Look at https://www.way2gohire.com/home/

They do one way self-drive hire, & full or part load removal service. 

They brought some boxes over to Spain for me 8 years ago. They were already well-established then, & are still going strong, so they must be doing something right!


----------



## Paul & Kim (Mar 8, 2020)

Thanks very much will have a Ganda, cheers P & K.


----------



## baldilocks (Mar 7, 2010)

We moved ourselves. We hired a van from Salfords who had a branch in Chelmsford, nearest to us. On the day of the move we picked up the van drove home and started loading. Ours was a 2nd floor flat and with 9ft ceilings that was a lot of stairs to carry stuff down. To make matters worse it was raining.

We had a bit of a snooze since we had booked the tunnel for around midnight. Got to the other side and it was still raining. Set off via Rouen, Le Mans, Tours, Poitiers then we took a wrong turning and ended up at Angoulème. We were exhausted so found a room for the night-still raining! Next morning a bit of sunshine so we headed off via Bordeaux, over the border and into Spain and snow showers, Vittoria Gasteiz, Burgos, Madrid and stopped another night (pre-planned) at Ciudad Real because we wanted to arrive at our new home in daylight so that m-i-l who hadn't been there could see what it was like.

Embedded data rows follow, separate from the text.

lemma (in ring) maximalideal_sum_eq_carrier:
  assumes m: "maximalideal m R" and n: "maximalideal n R" and "m \<noteq> n"
  shows "m <+> n = carrier R"
proof -
  interpret m: maximalideal m R by (rule m)
  interpret n: maximalideal n R by (rule n)
  have sum: "ideal (m <+> n) R" "m <+> n \<subseteq> carrier R"
    using add_ideals[OF m.is_ideal n.is_ideal] ideal.Icarr by auto
  have "m \<union> n \<subseteq> m <+> n"
    using genideal_self[of "m \<union> n"] union_genideal[OF m.is_ideal n.is_ideal]
      m.a_subset n.a_subset by blast
  then have "m <+> n = m \<or> m <+> n = carrier R" and "n \<subseteq> m <+> n"
    using m.I_maximal sum by auto
  moreover have "n \<noteq> m" "n \<noteq> carrier R" using assms(3) n.I_notcarr by auto
  ultimately show ?thesis
    using n.I_maximal[OF m.is_ideal] m.a_subset by blast
qed

lemma (in cring) chinese_remainder_max_ideals:
  assumes "finite M" and "M \<subseteq> max_ideals R" and t: "t \<in> M \<rightarrow> carrier R"
  shows "\<exists>x\<in>carrier R. \<forall>m\<in>M. x \<ominus> t m \<in> m"
proof (cases "M = {}")
  case False
  define n where "n = card M - 1"
  have "card M = Suc n" using assms(1) False unfolding n_def by (simp add: card_gt_0_iff)
  then obtain I where I: "bij_betw I {..<Suc n} M"
    using ex_bij_betw_nat_finite[OF assms(1)] by (metis lessThan_atLeast0)
  have max: "maximalideal (I i) R" if "i \<le> n" for i
    using bij_betw_apply[OF I, of i] that assms(2) unfolding max_ideals_def by auto
  have comax: "I i <+> I j = carrier R" if "i \<le> n" "j \<le> n" "i \<noteq> j" for i j
    using maximalideal_sum_eq_carrier[OF max max] bij_betw_imp_inj_on[OF I] that
    by (metis inj_on_contraD lessThan_iff le_imp_less_Suc)
  define target where "target = map (\<lambda>i. I i +> t (I i)) [0..< Suc n]"
  have "target \<in> carrier (RDirProd_list (map (\<lambda>i. R Quot (I i)) [0..< Suc n]))"
    unfolding target_def
  proof (rule RDirProd_list_carrier_memI)
    fix i assume "i < length (map (\<lambda>i. R Quot I i) [0..<Suc n])"
    then have "i \<le> n" by simp
    then have "t (I i) \<in> carrier R" using t bij_betw_apply[OF I] by auto
    then show "map (\<lambda>i. I i +> t (I i)) [0..<Suc n] ! i \<in> carrier (map (\<lambda>i. R Quot I i) [0..<Suc n] ! i)"
      using \<open>i \<le> n\<close> by (auto simp del: upt_Suc simp: FactRing_def A_RCOSETS_def')
  qed simp
  then obtain x where x: "x \<in> carrier R" "canonical_proj_ext I n x = target"
    using canonical_proj_ext_is_surj[of n I] max comax maximalideal.axioms(1) by (metis imageE)
  have "x \<ominus> t m \<in> m" if m: "m \<in> M" for m
  proof -
    obtain i where i: "i \<le> n" "m = I i"
      using I m unfolding bij_betw_def by (auto simp: less_Suc_eq_le)
    have "\<forall>j\<in>set [0..< Suc n]. I j +> x = I j +> t (I j)"
      using x(2) unfolding canonical_proj_ext_def target_def map_eq_conv .
    then have "I i +> x = I i +> t (I i)" using i(1) by (simp del: upt_Suc)
    moreover have "t (I i) \<in> carrier R" using t m i(2) by auto
    ultimately show ?thesis
      using quotient_eq_iff_same_a_r_cos[OF maximalideal.axioms(1)[OF max[OF i(1)]] x(1)] i(2)
      by simp
  qed
  then show ?thesis using x(1) by blast
qed (auto intro: one_closed)

lemma (in cring) finite_max_ideals:
  assumes "finite (carrier R)"
  shows "finite (max_ideals R)"
  using assms by (rule rev_finite_subset[OF finite_Pow_iff[THEN iffD2]])
    (auto simp: max_ideals_def dest: maximalideal.axioms(1) ideal.Icarr)

lemma (in cring) finite_total_adj_iff:
  assumes "finite (carrier R)" and "x \<in> carrier R" "y \<in> carrier R"
  shows "total_adj R x y \<longleftrightarrow> x \<noteq> y \<and> (\<exists>m\<in>max_ideals R. x \<oplus> y \<in> m)"
  using finite_zero_divisors_eq_Union_max_ideals[OF assms(1)] unfolding total_adj_def by blast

The bad news was that we had a lot of stuff so we had to go back to UK and do it all again but, at least this time it wasn't raining. Of course the van had still to be taken back to UK. By this time we were getting properly organised - we had bought our Spanish car and left it at the airport carpark in Granada. Took the van back to UK and while SWMBO did another couple of months work, i flew back to Spain and picked up the car and got on with the work in the house.

Would we do it again? Not bl**dy likely!!!


----------



## ccm47 (Oct 15, 2013)

Unlike Baldi: we would do what we did again. It's part of the experience.

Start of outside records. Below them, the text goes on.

lemma cayley_orbits_real_chord_either:
  fixes w x0 X :: real and Q1 Q2 :: complex
  assumes w: "0 < w" and Q: "cmod Q1 < 1" "cmod Q2 < 1" "Q1 \<noteq> Q2"
  shows "\<exists>x1 x2. x1 < x2 \<and> (x1 \<in> {x0..x0 + pi / w} \<or> x2 \<in> {X - pi / w..X}) \<and>
           cayley (Q2 * cis (2 * w * x2)) - cayley (Q1 * cis (2 * w * x1)) = of_real (w * (x2 - x1))"
proof (cases "cmod Q1 \<le> cmod Q2")
  case True
  then show ?thesis using cayley_orbits_real_chord[OF w True Q(2,3), of x0] by blast
next
  case False
  text \<open>Reflecting \<open>x \<mapsto> -x\<close> and conjugating swaps the roles of the two orbits.\<close>
  have "cmod (cnj Q2) \<le> cmod (cnj Q1)" "cmod (cnj Q1) < 1" "cnj Q2 \<noteq> cnj Q1"
    using False Q by auto
  then obtain y1 y2 where y: "y1 \<in> {- X..- X + pi / w}" "y1 < y2"
    "cayley (cnj Q1 * cis (2 * w * y2)) - cayley (cnj Q2 * cis (2 * w * y1)) = of_real (w * (y2 - y1))"
    using cayley_orbits_real_chord[OF w] by blast
  have reflect: "cnj Q * cis (2 * w * y) = cnj (Q * cis (2 * w * (- y)))" for Q y
    by (simp add: cis_cnj)
  have "cnj (cayley (Q2 * cis (2 * w * (- y1))) - cayley (Q1 * cis (2 * w * (- y2))))
          = of_real (w * (y2 - y1))"
    using y(3) unfolding reflect cayley_cnj by simp
  then have "cayley (Q2 * cis (2 * w * (- y1))) - cayley (Q1 * cis (2 * w * (- y2)))
               = of_real (w * (- y1 - - y2))"
    by (metis complex_cnj_cnj complex_cnj_complex_of_real diff_minus_eq_add uminus_add_conv_diff)
  moreover have "- y2 < - y1" "- y1 \<in> {X - pi / w..X}" using y by auto
  ultimately show ?thesis by blast
qed

definition harmonic_solution ::
    "real \<Rightarrow> real set \<Rightarrow> (real \<Rightarrow> complex) \<Rightarrow> (real \<Rightarrow> complex) \<Rightarrow> bool" where
  "harmonic_solution \<omega> S u u' \<longleftrightarrow>
     (\<forall>x\<in>S. (u has_vector_derivative u' x) (at x within S) \<and>
            (u' has_vector_derivative - (complex_of_real (\<omega>\<^sup>2) * u x)) (at x within S))"

lemma harmonic_solution_abs: "harmonic_solution \<bar>\<omega>\<bar> S u u' = harmonic_solution \<omega> S u u'"
  by (simp add: harmonic_solution_def)

lemma harmonic_solution_cnj:
  "harmonic_solution \<omega> S u u' \<Longrightarrow> harmonic_solution \<omega> S (\<lambda>x. cnj (u x)) (\<lambda>x. cnj (u' x))"
  unfolding harmonic_solution_def using has_vector_derivative_cnj by fastforce

lemma has_vector_derivative_cis_linear:
  "((\<lambda>x. cis (k * x)) has_vector_derivative (\<i> * of_real k * cis (k * x))) (at x within S)"
proof -
  have "((\<lambda>x. cis (k * x)) has_derivative (\<lambda>t. (k * t) *\<^sub>R (\<i> * cis (k * x)))) (at x within S)"
    by (intro has_derivative_cis derivative_intros)
  then show ?thesis unfolding has_vector_derivative_def
    by (rule has_derivative_eq_rhs) (auto simp: scaleR_conv_of_real algebra_simps)
qed

text \<open>The coefficients are read off the first integrals \<open>(w u \<mp> \<i> u') e\<^sup>\<mp>\<^sup>\<i>\<^sup>w\<^sup>x\<close>,
  which have derivative zero.\<close>

lemma harmonic_solution_exp_form:
  fixes u u' :: "real \<Rightarrow> complex" and w a b :: real
  assumes w: "w \<noteq> 0" and u: "harmonic_solution w {a..b} u u'"
  obtains A B where "\<And>x. x \<in> {a..b} \<Longrightarrow> u x = A * cis (w * x) + B * cis (- w * x)"
    and "\<And>x. x \<in> {a..b} \<Longrightarrow> u' x = \<i> * of_real w * (A * cis (w * x) - B * cis (- w * x))"
proof -
  have d1: "(u has_vector_derivative u' x) (at x within {a..b})"
    and d2: "(u' has_vector_derivative - (of_real (w\<^sup>2) * u x)) (at x within {a..b})"
    if "x \<in> {a..b}" for x using u that by (auto simp: harmonic_solution_def)
  define FA where "FA x = (of_real w * u x - \<i> * u' x) * cis (- w * x)" for x
  define FB where "FB x = (of_real w * u x + \<i> * u' x) * cis (w * x)" for x
  have "(FA has_vector_derivative 0) (at x within {a..b})" if "x \<in> {a..b}" for x
    unfolding FA_def
    by (rule derivative_eq_intros d1[OF that] d2[OF that] has_vector_derivative_cis_linear refl)+
       (simp add: algebra_simps power2_eq_square)
  then obtain cA where cA: "\<And>x. x \<in> {a..b} \<Longrightarrow> FA x = cA"
    using has_vector_derivative_zero_constant[of "{a..b}" FA] by auto
  have "(FB has_vector_derivative 0) (at x within {a..b})" if "x \<in> {a..b}" for x
    unfolding FB_def
    by (rule derivative_eq_intros d1[OF that] d2[OF that] has_vector_derivative_cis_linear refl)+
       (simp add: algebra_simps power2_eq_square)
  then obtain cB where cB: "\<And>x. x \<in> {a..b} \<Longrightarrow> FB x = cB"
    using has_vector_derivative_zero_constant[of "{a..b}" FB] by auto
  have wne: "complex_of_real w \<noteq> 0" using w by simp
  have inv: "cis (w * x) * cis (- w * x) = 1" for x by (simp add: cis_mult)
  have "u x = cA / (2 * of_real w) * cis (w * x) + cB / (2 * of_real w) * cis (- w * x) \<and>
        u' x = \<i> * of_real w * (cA / (2 * of_real w) * cis (w * x) - cB / (2 * of_real w) * cis (- w * x))"
    if "x \<in> {a..b}" for x
  proof -
    have "of_real w * u x - \<i> * u' x = cA * cis (w * x)"
      and "of_real w * u x + \<i> * u' x = cB * cis (- w * x)"
      using cA[OF that] cB[OF that] inv[of x] unfolding FA_def FB_def
      by (metis mult.assoc mult.commute mult_1_right)+
    then have "2 * of_real w * u x = cA * cis (w * x) + cB * cis (- w * x)"
      and "2 * u' x = \<i> * (cA * cis (w * x) - cB * cis (- w * x))"
      using complex_i_mult_minus[of "u' x"] by algebra+
    then have u: "u x = (cA * cis (w * x) + cB * cis (- w * x)) / (2 * of_real w)"
      and u': "u' x = \<i> * (cA * cis (w * x) - cB * cis (- w * x)) / 2"
      using wne by (simp_all add: eq_divide_eq ac_simps)
    show ?thesis unfolding u u' using wne by (simp add: field_simps)
  qed
  then show ?thesis using that by blast
qed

Our move was complicated by having 3 horses, and a dog to transport as well as personal items. We moved to our already furnished, ground floor holiday flat in Murcia province. We bought a secondhand horsebox for the horses and their paraphernalia and then put everything else in our car or its attached horse trailer. We travelled in convoy the whole time. 
We came from Portsmouth to Le Havre, Rennes, Belin-Beliet, Pau, Jaca, Zaragoza, Valencia and then to Murcia, overnighting in equestrian centres at Rennes, Belin-Beliet and Zaragoza. Hotels were available but we spent 2 nights in the Luton of the horsebox and 1 night in a centre's gite. The weather was very cold as snow had fallen throughout France up to the day we set off and even Teruel in Spain was thought to have a good layer.
Having animals with us our focus was on comfort for them so drove only 2 hours, or so, at a time before comfort breaks for all (horses stay on the box but need access to fresh hay and water); no more than 60 mph, and avoided motorways where possible as recovery in the event of a breakdown could have been VERY problematic. We also had to time our arrivals to fall in with the riding centres routine before dark.

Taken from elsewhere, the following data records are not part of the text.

lemma strictly_convex_on_interval_if_deriv2_pos:
  fixes f :: "real \<Rightarrow> real"
  assumes f': "\<And>x. x \<in> {a<..<b} \<Longrightarrow> (f has_real_derivative f' x) (at x)"
    and f'': "\<And>x. x \<in> {a<..<b} \<Longrightarrow> (f' has_real_derivative f'' x) (at x)"
    and pos: "\<And>x. x \<in> {a<..<b} \<Longrightarrow> 0 < f'' x"
  shows "strictly_convex_on {a<..<b} f"
proof -
  have chord: "f ((1 - u) * x + u * y) < (1 - u) * f x + u * f y"
    if xy: "a < x" "x < y" "y < b" and u: "0 < u" "u < 1" for x y u :: real
  proof -
    define z where "z = (1 - u) * x + u * y"
    have zx: "z - x = u * (y - x)" and yz: "y - z = (1 - u) * (y - x)"
      by (simp_all add: z_def algebra_simps)
    have "0 < u * (y - x)" "0 < (1 - u) * (y - x)" using xy u by simp_all
    then have "x < z" "z < y" unfolding zx[symmetric] yz[symmetric] by simp_all
    obtain w1 where w1: "x < w1" "w1 < z" "f z - f x = (z - x) * f' w1"
      using MVT2[of x z f f'] f' \<open>x < z\<close> \<open>z < y\<close> xy by force
    obtain w2 where w2: "z < w2" "w2 < y" "f y - f z = (y - z) * f' w2"
      using MVT2[of z y f f'] f' \<open>x < z\<close> \<open>z < y\<close> xy by force
    have "f' w1 < f' w2"
      using DERIV_pos_imp_increasing_on_interval[OF f'' pos] w1 w2 xy by simp
    then have "u * (1 - u) * (y - x) * f' w1 < u * (1 - u) * (y - x) * f' w2"
      using xy u by simp
    then have "(1 - u) * (f z - f x) < u * (f y - f z)"
      unfolding w1(3) w2(3) zx yz by (simp add: algebra_simps)
    then show ?thesis unfolding z_def[symmetric] by (simp add: algebra_simps)
  qed
  show ?thesis unfolding strictly_convex_on_def
  proof (intro ballI allI impI)
    fix x y u :: real
    assume x: "x \<in> {a<..<b}" and y: "y \<in> {a<..<b}" and u: "x \<noteq> y \<and> 0 < u \<and> u < 1"
    then consider "x < y" | "y < x" by linarith
    then show "f ((1 - u) * x + u * y) < (1 - u) * f x + u * f y"
    proof cases
      case 1 then show ?thesis using chord x y u by simp
    next
      case 2
      then have "f ((1 - (1 - u)) * y + (1 - u) * x) < (1 - (1 - u)) * f y + (1 - u) * f x"
        using chord[of y x "1 - u"] x y u by simp
      then show ?thesis by (simp add: algebra_simps)
    qed
  qed
qed

lemma strictly_concave_on_interval_if_deriv2_neg:
  fixes f :: "real \<Rightarrow> real"
  assumes "\<And>x. x \<in> {a<..<b} \<Longrightarrow> (f has_real_derivative f' x) (at x)"
    and "\<And>x. x \<in> {a<..<b} \<Longrightarrow> (f' has_real_derivative f'' x) (at x)"
    and "\<And>x. x \<in> {a<..<b} \<Longrightarrow> f'' x < 0"
  shows "strictly_concave_on {a<..<b} f"
  unfolding strictly_concave_on_iff_convex_uminus
  by (rule strictly_convex_on_interval_if_deriv2_pos[where f' = "\<lambda>x. - f' x" and f'' = "\<lambda>x. - f'' x"])
     (use assms in \<open>auto intro: DERIV_minus\<close>)

lemma continuous_neg_on_subinterval:
  fixes g :: "real \<Rightarrow> real"
  assumes "isCont g z" "g z < 0" "a \<le> z" "z < b"
  obtains c d where "a < c" "c < d" "d < b" "\<And>y. y \<in> {c<..<d} \<Longrightarrow> g y < 0"
proof -
  have "\<forall>\<^sub>F y in at z. g y < 0"
    using order_tendstoD(2)[OF assms(1)[unfolded isCont_def] assms(2)] .
  then obtain \<delta> where "\<delta> > 0" and \<delta>': "\<And>y. y \<noteq> z \<Longrightarrow> dist y z < \<delta> \<Longrightarrow> g y < 0"
    unfolding eventually_at by blast
  have \<delta>: "g y < 0" if "dist y z < \<delta>" for y
    using \<delta>'[OF _ that] assms(2) by (cases "y = z") auto
  define e where "e = min \<delta> (b - z)"
  have "e > 0" "e \<le> \<delta>" "e \<le> b - z" using \<open>\<delta> > 0\<close> assms by (auto simp: e_def)
  show ?thesis
    by (rule that[of "z + e/4" "z + e/2"])
       (use \<open>e > 0\<close> \<open>e \<le> \<delta>\<close> \<open>e \<le> b - z\<close> assms in \<open>auto intro!: \<delta> simp: dist_real_def\<close>)
qed

section \<open>Power series on the unit interval\<close>

definition power_series :: "(nat \<Rightarrow> real) \<Rightarrow> real \<Rightarrow> real" where
  "power_series c x = (\<Sum>n. c n * x ^ n)"

lemma summable_power_series_if_bounded:
  fixes c :: "nat \<Rightarrow> real"
  assumes "\<And>n. \<bar>c n\<bar> \<le> B" "\<bar>x\<bar> < 1"
  shows "summable (\<lambda>n. c n * x ^ n)"
proof (rule summable_comparison_test)
  show "\<exists>N. \<forall>n\<ge>N. norm (c n * x ^ n) \<le> B * \<bar>x\<bar> ^ n"
    using assms(1) by (auto simp: abs_mult power_abs intro!: mult_right_mono)
  show "summable (\<lambda>n. B * \<bar>x\<bar> ^ n)"
    using assms(2) by (simp add: summable_geometric)
qed

lemma summable_diffs_unit_disc:
  assumes "\<And>y. \<bar>y\<bar> < 1 \<Longrightarrow> summable (\<lambda>n. c n * y ^ n)" "\<bar>x\<bar> < (1::real)"
  shows "summable (\<lambda>n. diffs c n * x ^ n)"
  by (rule termdiff_converges[where K = 1]) (use assms in auto)

lemma power_series_has_derivative:
  assumes "\<And>y. \<bar>y\<bar> < 1 \<Longrightarrow> summable (\<lambda>n. c n * y ^ n)" "\<bar>x\<bar> < (1::real)"
  shows "(power_series c has_real_derivative power_series (diffs c) x) (at x)"
  unfolding power_series_def
proof (rule termdiffs_strong)
  show "summable (\<lambda>n. c n * ((1 + \<bar>x\<bar>) / 2) ^ n)" using assms by (intro assms(1)) auto
qed (use assms(2) in auto)

definition coeff_shift :: "(nat \<Rightarrow> real) \<Rightarrow> nat \<Rightarrow> real" where
  "coeff_shift c n = (if n = 0 then 0 else c (n - 1))"

lemma sums_coeff_shift:
  assumes "summable (\<lambda>n. c n * x ^ n)"
  shows "(\<lambda>n. coeff_shift c n * x ^ n) sums (x * power_series c x)"
proof -
  have "(\<lambda>n. coeff_shift c (Suc n) * x ^ Suc n) sums (x * power_series c x)"
    using sums_mult[OF summable_sums[OF assms], of x]
    by (simp add: coeff_shift_def power_series_def mult_ac)
  then show ?thesis by (subst (asm) sums_Suc_iff) (simp add: coeff_shift_def)
qed

lemma one_minus_inverse_power_ge_half:
  assumes "n \<le> N"
  shows "1 / 2 \<le> (1 - 1 / (2 * (real N + 1))) ^ n"
proof -
  have "1 + real n * (- (1 / (2 * (real N + 1)))) \<le> (1 + - (1 / (2 * (real N + 1)))) ^ n"
    by (rule Bernoulli_inequality) (simp add: field_simps)
  then have "1 - real n / (2 * (real N + 1)) \<le> (1 - 1 / (2 * (real N + 1))) ^ n"
    by simp
  moreover have "real n / (2 * (real N + 1)) \<le> 1 / 2"
    using assms by (simp add: field_simps)
  ultimately show ?thesis by linarith
qed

In the end we did not stay permanently in Spain but went North to France where we and the horses settled into much larger accommodation with ample grass for the horses. They never did work out where that had gone to. Clearly they had not had a bad journey down as they practically self-loaded onto the box to go back, and even showed signs of recognising their surroundings at Zaragoza.

Three tips:
We had equipped ourselves with Bip n'go dongles for when toll motorways were essential. As these are transferable we still use them and whiz through the toll booths with no concern for RHD or LHD.

The plus side of being in a van is that you see around you so much better and can enjoy the views of countryside.

If you are hiring a van for the first time book it for at least half a day before you need to start loading it, you need to be very familiar with the location and operation of all the controls. Give it a good test run beforehand. I used hire cars a lot for work in the UK, one car was delivered half a day early with a nail in the tyre!Fortunatel I spotted it there and then, not at 06.00 when there was NO chance of getting it replaced for at least 3 hours. Once on the French roads your efforts will need to be on observing speed limits and taking the correct lanes, not worrying about where the headlight controls are.


----------



## Paul & Kim (Mar 8, 2020)

Thanks for that, bit of a nightmare for yous, did you find it cheaper doing it yourself, our plan is too drive from the North east down country and get the ferry too Spain then the drive across Spain on a one way hire.


----------



## Paul & Kim (Mar 8, 2020)

Thanks for your heads up on your experience doing your journey, it will be the ferry too Spain for us, couldn’t be bothered in the run through France way, not spending as much time on the road.


----------



## Monkey104 (Aug 24, 2014)

xabiaxica said:


> Look at https://www.way2gohire.com/home/
> 
> They do one way self-drive hire, & full or part load removal service.
> 
> They brought some boxes over to Spain for me 8 years ago. They were already well-established then, & are still going strong, so they must be doing something right!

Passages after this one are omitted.